# WHAT THE TASK REQUIRES:
Wherever the word "longleftrightarrow" turns up in a line of the entries, copy that line.

# DATA EXTRACTS:
(* Let $\varepsilon>0$ and $p\in(0,1]$. Let $G$ be an $n$-vertex graph with $e(G)\geq 2n/\varepsilon$ and let $\mu\in\mathcal{M}_{1,p}(G)$. Then \[\mathbb{P}\left[e(\mathbf{G}_\mu)\leq(1-3\varepsilon)p\,e(G)\right]\leq 4n\exp\left(-\frac{\varepsilon^3 p\, e(G)}{6n}\right).\]
   Context: A random graph model on $G$ is a probability measure $\mu$ on subsets of $E(G)$, and $\mathbf{G}_\mu$ is the random spanning subgraph with edge set distributed according to $\mu$. $\mu$ is $1$-independent if for all sets $A,B\subseteq E(G)$ whose edges span disjoint vertex sets, $E(\mathbf{G}_\mu)\cap A$ and $E(\mathbf{G}_\mu)\cap B$ are independent. $\mathcal{M}_{1,p}(G)$ is the set of $1$-independent measures on $G$ in which each edge is present with probability exactly $p$. *)

theory Defs
  imports "HOL-Probability.Probability"
begin

definition graph :: "'a set \<Rightarrow> 'a set set \<Rightarrow> bool" where
  "graph V E \<longleftrightarrow> finite V \<and> (\<forall>e\<in>E. e \<subseteq> V \<and> card e = 2)"

text \<open>Since E is finite we use a probability mass function whose support lies in Pow E;
  the random edge set is the outcome S.\<close>
definition random_graph_model :: "'a set set \<Rightarrow> 'a set set pmf \<Rightarrow> bool" where
  "random_graph_model E \<mu> \<longleftrightarrow> set_pmf \<mu> \<subseteq> Pow E"

definition one_independent :: "'a set set \<Rightarrow> 'a set set pmf \<Rightarrow> bool" where
  "one_independent E \<mu> \<longleftrightarrow>
     (\<forall>A B. A \<subseteq> E \<longrightarrow> B \<subseteq> E \<longrightarrow> \<Union>A \<inter> \<Union>B = {} \<longrightarrow>
        (\<forall>X Y. measure_pmf.prob \<mu> {S. S \<inter> A = X \<and> S \<inter> B = Y}
               = measure_pmf.prob \<mu> {S. S \<inter> A = X} * measure_pmf.prob \<mu> {S. S \<inter> B = Y}))"

definition M1p :: "'a set \<Rightarrow> 'a set set \<Rightarrow> real \<Rightarrow> 'a set set pmf set" where
  "M1p V E p = {\<mu>. random_graph_model E \<mu> \<and> one_independent E \<mu> \<and>
                   (\<forall>e\<in>E. measure_pmf.prob \<mu> {S. e \<in> S} = p)}"

end

theory Submission
  imports Defs
begin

# TASK ANSWER:
  "graph V E \<longleftrightarrow> finite V \<and> (\<forall>e\<in>E. e \<subseteq> V \<and> card e = 2)"
  "random_graph_model E \<mu> \<longleftrightarrow> set_pmf \<mu> \<subseteq> Pow E"
  "one_independent E \<mu> \<longleftrightarrow>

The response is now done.